What is being asked
Keeping every character as it is, transcribe the entries below.

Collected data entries
**********
(* Let $q$ be a prime power, $m>3$, $n=q^{2m}-1$, and define $Z_{des}=\{(x,y):1\le x,y\le n,\ xy<q^{2m}-1-q^{m-1}\}$ and, for integers $0\le k\le (2m-1)/2$, $Z_{des,k}=\{(x,y)\in Z_{des}: q^k-1<x\le q^{k+1}-1\}$. For odd $l\in\{1,3,\dots,2m-1\}$ let $f(x,y,l)=(-xq^l\bmod n)(-yq^l\bmod n)$. Then: (a) For all $0\le k\le(2m-1)/2$, $(x,y)\in Z_{des,k}$ and odd $l\in\{1,\dots,2m-1\}$ with $l\ne 2m-k-1$: $f(x,y,l)\ge q^{2m}-1-q^{m-1}$ if $m$ is even, and $f(x,y,l)\ge q^{2m}-1-q^{m}$ if $m$ is odd; these bounds are attained at $k=0$, $x=1$, $y=q^{2m}-1-q^{2m-l}$ with $l=m-1$ ($m$ even), respectively $l=m$ ($m$ odd). (b) For all $0\le k\le(2m-1)/2$, $(x,y)\in Z_{des,k}$ and $l=2m-k-1$ odd: if $m$ is odd then $f(x,y,l)\ge (q^m-1)^2$, with equality at $k=m-1$, $l=m$, $x=y=q^m-1$; if $m$ is even then $f(x,y,l)\ge q^{2m}-1$.
   Context: Here $a\bmod n$ denotes the least nonnegative residue of $a$ modulo $n$. *)

theory Defs
  imports Main "HOL-Number_Theory.Number_Theory"
begin

definition nn :: "nat \<Rightarrow> nat \<Rightarrow> int" where
  "nn q m = int q ^ (2*m) - 1"

definition Zdes :: "nat \<Rightarrow> nat \<Rightarrow> (int \<times> int) set" where
  "Zdes q m = {(x, y). 1 \<le> x \<and> x \<le> nn q m \<and> 1 \<le> y \<and> y \<le> nn q m \<and>
                       x * y < int q ^ (2*m) - 1 - int q ^ (m - 1)}"

definition Zdesk :: "nat \<Rightarrow> nat \<Rightarrow> nat \<Rightarrow> (int \<times> int) set" where
  "Zdesk q m k = {(x, y) \<in> Zdes q m. int q ^ k - 1 < x \<and> x \<le> int q ^ (k+1) - 1}"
**********
Answer for this exercise
(* Let $q$ be a prime power, $m>3$, $n=q^{2m}-1$, and define $Z_{des}=\{(x,y):1\le x,y\le n,\ xy<q^{2m}-1-q^{m-1}\}$ and, for integers $0\le k\le (2m-1)/2$, $Z_{des,k}=\{(x,y)\in Z_{des}: q^k-1<x\le q^{k+1}-1\}$. For odd $l\in\{1,3,\dots,2m-1\}$ let $f(x,y,l)=(-xq^l\bmod n)(-yq^l\bmod n)$. Then: (a) For all $0\le k\le(2m-1)/2$, $(x,y)\in Z_{des,k}$ and odd $l\in\{1,\dots,2m-1\}$ with $l\ne 2m-k-1$: $f(x,y,l)\ge q^{2m}-1-q^{m-1}$ if $m$ is even, and $f(x,y,l)\ge q^{2m}-1-q^{m}$ if $m$ is odd; these bounds are attained at $k=0$, $x=1$, $y=q^{2m}-1-q^{2m-l}$ with $l=m-1$ ($m$ even), respectively $l=m$ ($m$ odd). (b) For all $0\le k\le(2m-1)/2$, $(x,y)\in Z_{des,k}$ and $l=2m-k-1$ odd: if $m$ is odd then $f(x,y,l)\ge (q^m-1)^2$, with equality at $k=m-1$, $l=m$, $x=y=q^m-1$; if $m$ is even then $f(x,y,l)\ge q^{2m}-1$.
   Context: Here $a\bmod n$ denotes the least nonnegative residue of $a$ modulo $n$. *)

theory Defs
  imports Main "HOL-Number_Theory.Number_Theory"
begin

definition nn :: "nat \<Rightarrow> nat \<Rightarrow> int" where
  "nn q m = int q ^ (2*m) - 1"

definition Zdes :: "nat \<Rightarrow> nat \<Rightarrow> (int \<times> int) set" where
  "Zdes q m = {(x, y). 1 \<le> x \<and> x \<le> nn q m \<and> 1 \<le> y \<and> y \<le> nn q m \<and>
                       x * y < int q ^ (2*m) - 1 - int q ^ (m - 1)}"

definition Zdesk :: "nat \<Rightarrow> nat \<Rightarrow> nat \<Rightarrow> (int \<times> int) set" where
  "Zdesk q m k = {(x, y) \<in> Zdes q m. int q ^ k - 1 < x \<and> x \<le> int q ^ (k+1) - 1}"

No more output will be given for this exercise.